History of Modern France
The Third French Republic 1870-1940. Part 12
20 April 2022
Henri Matisse, The Sword Swallower (Jazz sheet 13), 1947
Modern Masters after the War: Picasso, Matisse, Braque & Léger
with Chris Boïcos
The immediate post-war period witnessed the emergence on both sides of the Atlantic of a new generation of rebellious abstract painters, like Pollock or Dubuffet, who considered pre-war modern art irrelevant to the concerns of a world traumatized by war. Modern art had to reinvent itself by going back to ground zero.
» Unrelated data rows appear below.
(* For any graph $G$, $\chi_c(G,\pm)=2\chi_c(G)$.
   Context: Graphs are finite, may have multiple edges, no loops. A signed graph $(G,\sigma)$ is a graph $G$ with a signature $\sigma:E(G)\to\{+1,-1\}$. The digon graph $(G,\pm)$ has vertex set $V(G)$ and, for each pair $\{u,v\}$ forming an edge of $G$, both a positive edge $uv$ and a negative edge $uv$. For real $r\ge 2$, $C^r$ is the circle of circumference $r$, $d_{C^r}(x,y)=\min\{|x-y|,r-|x-y|\}$, $\overline{x}=x+r/2\pmod r$. A circular $r$-coloring of a signed graph is $f:V\to C^r$ with $d_{C^r}(f(u),f(v))\ge1$ for each positive edge $uv$ and $d_{C^r}(f(u),\overline{f(v)})\ge1$ for each negative edge $uv$; the signed circular chromatic number $\chi_c(G,\sigma)$ is the infimum of such $r\ge2$. For the unsigned graph $G$, a circular $r$-coloring requires $d_{C^r}(f(u),f(v))\ge1$ for every edge, and $\chi_c(G)$ is the infimum of such $r$. *)

theory Defs
  imports Complex_Main
begin

definition multigraph :: "'a set \<Rightarrow> 'e set \<Rightarrow> ('e \<Rightarrow> 'a set) \<Rightarrow> bool" where
  "multigraph V E ends \<longleftrightarrow> finite V \<and> finite E \<and>
     (\<forall>e\<in>E. ends e \<subseteq> V \<and> card (ends e) = 2)"

text \<open>Circle C^r represented by the interval [0,r).\<close>
definition circ_dist :: "real \<Rightarrow> real \<Rightarrow> real \<Rightarrow> real" where
  "circ_dist r x y = min \<bar>x - y\<bar> (r - \<bar>x - y\<bar>)"

definition antipode :: "real \<Rightarrow> real \<Rightarrow> real" where
  "antipode r x = (if x + r / 2 < r then x + r / 2 else x - r / 2)"

text \<open>Signed graph: signature sigma with values in {1,-1}.\<close>
definition signed_circ_coloring ::
  "'a set \<Rightarrow> 'e set \<Rightarrow> ('e \<Rightarrow> 'a set) \<Rightarrow> ('e \<Rightarrow> int) \<Rightarrow> real \<Rightarrow> ('a \<Rightarrow> real) \<Rightarrow> bool" where
  "signed_circ_coloring V E ends \<sigma> r f \<longleftrightarrow>
     (\<forall>v\<in>V. 0 \<le> f v \<and> f v < r) \<and>
     (\<forall>e\<in>E. \<forall>u v. ends e = {u, v} \<longrightarrow>
        (if \<sigma> e = 1 then circ_dist r (f u) (f v) \<ge> 1
         else circ_dist r (f u) (antipode r (f v)) \<ge> 1))"

definition signed_circ_chi ::
  "'a set \<Rightarrow> 'e set \<Rightarrow> ('e \<Rightarrow> 'a set) \<Rightarrow> ('e \<Rightarrow> int) \<Rightarrow> real" where
  "signed_circ_chi V E ends \<sigma> =
     Inf {r. r \<ge> 2 \<and> (\<exists>f. signed_circ_coloring V E ends \<sigma> r f)}"

definition circ_coloring ::
  "'a set \<Rightarrow> 'e set \<Rightarrow> ('e \<Rightarrow> 'a set) \<Rightarrow> real \<Rightarrow> ('a \<Rightarrow> real) \<Rightarrow> bool" where
  "circ_coloring V E ends r f \<longleftrightarrow>
     (\<forall>v\<in>V. 0 \<le> f v \<and> f v < r) \<and>
     (\<forall>e\<in>E. \<forall>u v. ends e = {u, v} \<longrightarrow> circ_dist r (f u) (f v) \<ge> 1)"

definition circ_chi :: "'a set \<Rightarrow> 'e set \<Rightarrow> ('e \<Rightarrow> 'a set) \<Rightarrow> real" where
  "circ_chi V E ends = Inf {r. r \<ge> 1 \<and> (\<exists>f. circ_coloring V E ends r f)}"

text \<open>Digon graph (G,\<pm>): each edge e gives a positive edge (e,True) and a negative
  edge (e,False) with the same ends.\<close>
definition digon_edges :: "'e set \<Rightarrow> ('e \<times> bool) set" where
  "digon_edges E = E \<times> (UNIV :: bool set)"

definition digon_ends :: "('e \<Rightarrow> 'a set) \<Rightarrow> 'e \<times> bool \<Rightarrow> 'a set" where
  "digon_ends ends p = ends (fst p)"

definition digon_sign :: "'e \<times> bool \<Rightarrow> int" where
  "digon_sign p = (if snd p then 1 else -1)"

end

theory Submission
  imports Defs
begin

text \<open>Folding \<open>C\<^sup>2\<^sup>s\<close> onto \<open>C\<^sup>s\<close> by \<open>x \<mapsto> x mod s\<close> identifies antipodal points, and the
  distance of two folded points is the smaller of the distances from \<open>x\<close> to \<open>y\<close> and to
  \<open>y\<close>'s antipode. A signed \<open>2s\<close>-colouring of \<open>(G,\<pm>)\<close> asks for exactly both of these
  distances to be at least 1, so it folds to a circular \<open>s\<close>-colouring of \<open>G\<close>; conversely
  an \<open>s\<close>-colouring of \<open>G\<close>, read on the larger circle \<open>C\<^sup>2\<^sup>s\<close>, is a signed \<open>2s\<close>-colouring.
  The sets of admissible circumferences thus differ by the factor 2, and so do their
  infima.\<close>

definition fold_circle :: "real \<Rightarrow> real \<Rightarrow> real" where
  "fold_circle s x = (if x < s then x else x - s)"

lemma circ_dist_fold_circle:
  assumes "0 \<le> x" "x < 2 * s" "0 \<le> y" "y < 2 * s"
  shows "circ_dist s (fold_circle s x) (fold_circle s y)
         = min (circ_dist (2 * s) x y) (circ_dist (2 * s) x (antipode (2 * s) y))"
  using assms unfolding circ_dist_def antipode_def fold_circle_def
  by (auto simp: abs_if min_def split: if_splits)

lemma signed_circ_coloring_digon_iff:
  "signed_circ_coloring V (digon_edges E) (digon_ends ends) digon_sign r f \<longleftrightarrow>
   (\<forall>v\<in>V. 0 \<le> f v \<and> f v < r) \<and>
   (\<forall>e\<in>E. \<forall>u v. ends e = {u, v} \<longrightarrow>
      1 \<le> min (circ_dist r (f u) (f v)) (circ_dist r (f u) (antipode r (f v))))"
  unfolding signed_circ_coloring_def digon_edges_def digon_ends_def digon_sign_def
  by (force split: if_splits)

lemma signed_circ_coloring_digon_fold:
  assumes ends: "\<forall>e\<in>E. ends e \<subseteq> V"
    and f: "signed_circ_coloring V (digon_edges E) (digon_ends ends) digon_sign (2 * s) f"
  shows "circ_coloring V E ends s (fold_circle s \<circ> f)"
  unfolding circ_coloring_def
proof (intro conjI ballI allI impI)
  fix v assume "v \<in> V"
  then show "0 \<le> (fold_circle s \<circ> f) v" "(fold_circle s \<circ> f) v < s"
    using f unfolding signed_circ_coloring_digon_iff fold_circle_def by auto
next
  fix e u v assume "e \<in> E" "ends e = {u, v}"
  moreover from this have "u \<in> V" "v \<in> V" using ends by auto
  ultimately show "1 \<le> circ_dist s ((fold_circle s \<circ> f) u) ((fold_circle s \<circ> f) v)"
    using f unfolding signed_circ_coloring_digon_iff by (simp add: circ_dist_fold_circle)
qed

lemma circ_coloring_imp_signed_digon:
  assumes ends: "\<forall>e\<in>E. ends e \<subseteq> V"
    and g: "circ_coloring V E ends s g"
  shows "signed_circ_coloring V (digon_edges E) (digon_ends ends) digon_sign (2 * s) g"
  unfolding signed_circ_coloring_digon_iff
proof (intro conjI ballI allI impI)
  fix v assume "v \<in> V"
  then show "0 \<le> g v" "g v < 2 * s"
    using g unfolding circ_coloring_def by force+
next
  fix e u v assume e: "e \<in> E" "ends e = {u, v}"
  then have "0 \<le> g u" "g u < s" "0 \<le> g v" "g v < s"
    using g ends unfolding circ_coloring_def by blast+
  then have "circ_dist s (g u) (g v)
             = min (circ_dist (2 * s) (g u) (g v)) (circ_dist (2 * s) (g u) (antipode (2 * s) (g v)))"
    using circ_dist_fold_circle[of "g u" s "g v"] by (simp add: fold_circle_def)
  with e g show "1 \<le> min (circ_dist (2 * s) (g u) (g v))
                        (circ_dist (2 * s) (g u) (antipode (2 * s) (g v)))"
    unfolding circ_coloring_def by metis
qed

lemma signed_digon_circumferences:
  assumes "\<forall>e\<in>E. ends e \<subseteq> V"
  shows "{r. r \<ge> 2 \<and> (\<exists>f. signed_circ_coloring V (digon_edges E) (digon_ends ends) digon_sign r f)}
         = (*) 2 ` {s. s \<ge> 1 \<and> (\<exists>g. circ_coloring V E ends s g)}"
proof (intro set_eqI iffI)
  fix r assume "r \<in> {r. r \<ge> 2 \<and> (\<exists>f. signed_circ_coloring V (digon_edges E) (digon_ends ends) digon_sign r f)}"
  then obtain f where "r \<ge> 2" "signed_circ_coloring V (digon_edges E) (digon_ends ends) digon_sign r f"
    by blast
  moreover from this have "circ_coloring V E ends (r / 2) (fold_circle (r / 2) \<circ> f)"
    using signed_circ_coloring_digon_fold[OF assms, of "r / 2" f] by simp
  ultimately show "r \<in> (*) 2 ` {s. s \<ge> 1 \<and> (\<exists>g. circ_coloring V E ends s g)}"
    by (intro image_eqI[of _ _ "r / 2"]) auto
qed (use circ_coloring_imp_signed_digon[OF assms] in auto)

lemma multigraph_circ_coloring_exists:
  assumes "multigraph V E ends"
  shows "\<exists>g. circ_coloring V E ends (real (card V) + 1) g"
proof -
  obtain h where h: "bij_betw h V {0..<card V}"
    using assms ex_bij_betw_finite_nat unfolding multigraph_def by blast
  have "circ_coloring V E ends (real (card V) + 1) (real \<circ> h)"
    unfolding circ_coloring_def
  proof (intro conjI ballI allI impI)
    fix v assume "v \<in> V"
    then show "0 \<le> (real \<circ> h) v" "(real \<circ> h) v < real (card V) + 1"
      using h by (auto dest: bij_betw_apply)
  next
    fix e u v assume e: "e \<in> E" "ends e = {u, v}"
    then have "u \<noteq> v" "u \<in> V" "v \<in> V"
      using assms unfolding multigraph_def by (auto simp: card_2_iff doubleton_eq_iff)
    then have "h u \<noteq> h v" "h u < card V" "h v < card V"
      using h by (auto simp: bij_betw_def inj_on_def)
    then show "1 \<le> circ_dist (real (card V) + 1) ((real \<circ> h) u) ((real \<circ> h) v)"
      unfolding circ_dist_def by (auto simp: abs_if)
  qed
  then show ?thesis by blast
qed

lemma double_Inf:
  fixes S :: "real set"
  assumes "S \<noteq> {}" "bdd_below S"
  shows "2 * Inf S = Inf ((*) 2 ` S)"
  using assms by (intro continuous_at_Inf_mono) (auto intro: monoI continuous_intros)

theorem lemma6:
  fixes V :: "'a set" and E :: "'e set" and ends :: "'e \<Rightarrow> 'a set"
  assumes "multigraph V E ends"
  shows "signed_circ_chi V (digon_edges E) (digon_ends ends) digon_sign
           = 2 * circ_chi V E ends"
proof -
  define S where "S = {s. s \<ge> 1 \<and> (\<exists>g. circ_coloring V E ends s g)}"
  have "S \<noteq> {}" \<comment> \<open>the infimum of the empty set of reals is unspecified\<close>
    using multigraph_circ_coloring_exists[OF assms] unfolding S_def by force
  moreover have "bdd_below S"
    unfolding S_def by (auto intro: bdd_belowI)
  moreover have "\<forall>e\<in>E. ends e \<subseteq> V"
    using assms unfolding multigraph_def by blast
  ultimately show ?thesis
    unfolding signed_circ_chi_def circ_chi_def S_def[symmetric]
    by (simp add: signed_digon_circumferences double_Inf S_def)
qed

end
text \<open>The Fourier coefficients of \<open>fejer K T\<close> live on frequencies \<open>< K\<close>, while those of
  a residue class modulo \<open>D\<close> live on multiples of \<open>T/D \<ge> K\<close>; only frequency \<open>0\<close> is shared.\<close>
lemma fejer_sum_residue_class:
  fixes K T D :: nat and a i \<gamma> :: int
  assumes K: "K > 0" and D: "D > 0" and DT: "D dvd T" and KD: "K * D \<le> T"
    and \<gamma>: "0 \<le> \<gamma>" "\<gamma> < int D"
  shows "(\<Sum>t\<in>{a..<a + int T}. fejer K T (t - i) * of_bool (t mod int D = \<gamma>)) = 1 / D"
proof -
  obtain E where TE: "T = D * E" using DT by blast
  have KE: "K \<le> E" using KD TE D by simp
  have T: "T > 0" using TE D K KE by simp
  define c where "c = real T * real K * real D"
  have "(\<Sum>t\<in>{a..<a + int T}. fejer K T (t - i) * of_bool (t mod int D = \<gamma>))
     = (\<Sum>t\<in>{a..<a + int T}. \<Sum>l<K. \<Sum>l'<K. \<Sum>r\<in>{0..<int D}.
          cos (2*pi*(int l - int l')*(t - i)/T) * cos (2*pi*(t - \<gamma>)*r/D) / c)"
    unfolding fejer_def of_bool_mod_eq_sum_cos[OF D \<gamma>] c_def
    by (simp add: sum_distrib_left sum_distrib_right sum_divide_distrib
        mult.commute mult.left_commute)
  also have "\<dots> = (\<Sum>l<K. \<Sum>l'<K. \<Sum>r\<in>{0..<int D}.
          (\<Sum>t\<in>{a..<a + int T}. cos (2*pi*(int l - int l')*(t - i)/T) * cos (2*pi*(t - \<gamma>)*r/D)) / c)"
    by (simp add: sum.swap[of _ "{a..<a + int T}"] sum_divide_distrib)
  also have "\<dots> = (\<Sum>l<K. \<Sum>l'<K. \<Sum>r\<in>{0..<int D}.
      if l' = l then (if r = 0 then real T / c else 0) else 0)"
  proof (intro sum.cong refl)
    fix l l' r assume "l \<in> {..<K}" "l' \<in> {..<K}" "r \<in> {0..<int D}"
    moreover from this have "\<bar>int l - int l'\<bar> < int E" using KE by auto
    ultimately show "(\<Sum>t\<in>{a..<a + int T}.
          cos (2*pi*(int l - int l')*(t - i)/T) * cos (2*pi*(t - \<gamma>)*r/D)) / c
       = (if l' = l then (if r = 0 then real T / c else 0) else 0)"
      using sum_cos_mul_cos_full_period[OF TE D,
          where d = "int l - int l'" and r = r and a = a and i = i and \<gamma> = \<gamma>]
      by auto
  qed
  also have "\<dots> = (\<Sum>l<K. real T / c)"
    using D by (intro sum.cong refl) (simp add: sum.delta' sum.If_cases)
  also have "\<dots> = 1 / D" unfolding c_def using K T D by simp
  finally show ?thesis .
qed

section \<open>Equidistributed majorants of intervals\<close>

definition equidistributed_mod :: "int set \<Rightarrow> (int \<Rightarrow> real) \<Rightarrow> real \<Rightarrow> int \<Rightarrow> bool" where
  "equidistributed_mod I w c D \<longleftrightarrow>
     (\<forall>\<gamma>\<in>{0..<D}. (\<Sum>t\<in>I. w t * of_bool (t mod D = \<gamma>)) = c / D)"

lemma equidistributed_mod_one_iff: "equidistributed_mod I w c 1 \<longleftrightarrow> (\<Sum>t\<in>I. w t) = c"
  by (auto simp: equidistributed_mod_def)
The artists who had made their reputations as far back as the beginning of the century could not renounce their own history and techniques as easily as the new artists. Yet each, in his own way, responded to the era by adapting their style and their themes to the new historical environment. Though considered old in 1944 – Matisse was 75, Picasso and Léger 63, Braque 62 – these established masters nevertheless produced some of their freshest and most vital work at what for all, but Picasso, was the end of their career.
Our presentation will examine how the Matisse cut-outs, Picasso’s Women of Algiers, Léger’s Constructors or Braque’s Studios and Birds establish a profound dialogue between past and present, within their own career, but also between the post-war world and the artist’s visions of the history of art and civilization.